To manage these pressures, management intentionally walked away from ₹50-70 crore in potential sales during the fourth quarter, while the filing also flags ongoing income tax litigation and demand notices that could further complicate the company's balance sheet for the foreseeable future. The company has appointed a new internal auditor for the upcoming year and declared a final dividend of ₹0.10 per share. For a company with a market capitalization of ₹659 crore, the scale of this earnings contraction is severe. The decision to sacrifice top-line growth to preserve margins suggests that management is currently in a defensive posture, prioritizing cash flow protection over market share.
Questions answered
- Why did Best Agrolife report such a sharp drop in profit?

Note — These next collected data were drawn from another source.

(* Let $G$ be a $2$-connected graph of order at least three. If $\sigma_2(G)\ge 2\widetilde{\alpha}(G)$, then $G$ is hamiltonian (i.e., $G$ contains a cycle through every vertex).
   Context: All graphs are finite and simple. For a graph $G$ that is not complete, $\sigma_2(G)=\min\{d_G(u)+d_G(v): u,v\in V(G),\ u\ne v,\ uv\notin E(G)\}$; if $G$ is complete, $\sigma_2(G)=\infty$. An $(s,t)$-bipartite-hole in $G$ consists of two disjoint vertex sets $S,T\subseteq V(G)$ with $|S|=s$, $|T|=t$ and no edge of $G$ having one endpoint in $S$ and the other in $T$. The bipartite-hole-number $\widetilde{\alpha}(G)$ is the minimum integer $k$ such that there exist positive integers $s,t$ with $s+t=k+1$ for which $G$ contains no $(s,t)$-bipartite-hole. *)

theory Defs
  imports Main "HOL-Library.Extended_Nat"
begin

definition simple_graph :: "'a set \<Rightarrow> ('a \<Rightarrow> 'a \<Rightarrow> bool) \<Rightarrow> bool" where
  "simple_graph V E \<longleftrightarrow> finite V \<and> (\<forall>u v. E u v \<longrightarrow> E v u) \<and> (\<forall>v. \<not> E v v)
     \<and> (\<forall>u v. E u v \<longrightarrow> u \<in> V \<and> v \<in> V)"

definition degree :: "'a set \<Rightarrow> ('a \<Rightarrow> 'a \<Rightarrow> bool) \<Rightarrow> 'a \<Rightarrow> nat" where
  "degree V E v = card {u \<in> V. E v u}"

text \<open>sigma_2: minimum degree sum over non-adjacent pairs of distinct vertices;
  infinity (top of enat, the Inf of the empty set) if the graph is complete.\<close>
definition sigma2 :: "'a set \<Rightarrow> ('a \<Rightarrow> 'a \<Rightarrow> bool) \<Rightarrow> enat" where
  "sigma2 V E = (INF p \<in> {(u, v). u \<in> V \<and> v \<in> V \<and> u \<noteq> v \<and> \<not> E u v}.
                    enat (degree V E (fst p) + degree V E (snd p)))"

definition has_bipartite_hole :: "'a set \<Rightarrow> ('a \<Rightarrow> 'a \<Rightarrow> bool) \<Rightarrow> nat \<Rightarrow> nat \<Rightarrow> bool" where
  "has_bipartite_hole V E s t \<longleftrightarrow> (\<exists>S T. S \<subseteq> V \<and> T \<subseteq> V \<and> S \<inter> T = {} \<and>
      card S = s \<and> card T = t \<and> (\<forall>x\<in>S. \<forall>y\<in>T. \<not> E x y))"

definition bipartite_hole_number :: "'a set \<Rightarrow> ('a \<Rightarrow> 'a \<Rightarrow> bool) \<Rightarrow> nat" where
  "bipartite_hole_number V E =
     (LEAST k. \<exists>s t. 0 < s \<and> 0 < t \<and> s + t = k + 1 \<and> \<not> has_bipartite_hole V E s t)"

definition connected_on :: "'a set \<Rightarrow> ('a \<Rightarrow> 'a \<Rightarrow> bool) \<Rightarrow> bool" where
  "connected_on W E \<longleftrightarrow> W \<noteq> {} \<and>
     (\<forall>u\<in>W. \<forall>v\<in>W. (u, v) \<in> {(x, y). x \<in> W \<and> y \<in> W \<and> E x y}\<^sup>*)"

definition two_connected :: "'a set \<Rightarrow> ('a \<Rightarrow> 'a \<Rightarrow> bool) \<Rightarrow> bool" where
  "two_connected V E \<longleftrightarrow> card V \<ge> 3 \<and> connected_on V E \<and> (\<forall>x\<in>V. connected_on (V - {x}) E)"

definition hamiltonian :: "'a set \<Rightarrow> ('a \<Rightarrow> 'a \<Rightarrow> bool) \<Rightarrow> bool" where
  "hamiltonian V E \<longleftrightarrow> (\<exists>vs. distinct vs \<and> set vs = V \<and> length vs \<ge> 3 \<and>
     (\<forall>i < length vs. E (vs ! i) (vs ! ((i + 1) mod length vs))))"

end

theory Submission
  imports Defs
begin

- Profit fell 87% to ₹9 crore primarily due to rising input costs linked to geopolitical tensions in the Gulf. These costs compressed margins, forcing the company to reduce its operational scale.
- Did the company intentionally reduce its sales?
- Yes. Management curtailed an estimated ₹50-70 crore in potential sales during the fourth quarter as a strategic move to mitigate margin pressure.
- What is the status of the company's legal issues?
- The filing includes an emphasis of matter regarding ongoing income tax litigation and outstanding demand notices against the company.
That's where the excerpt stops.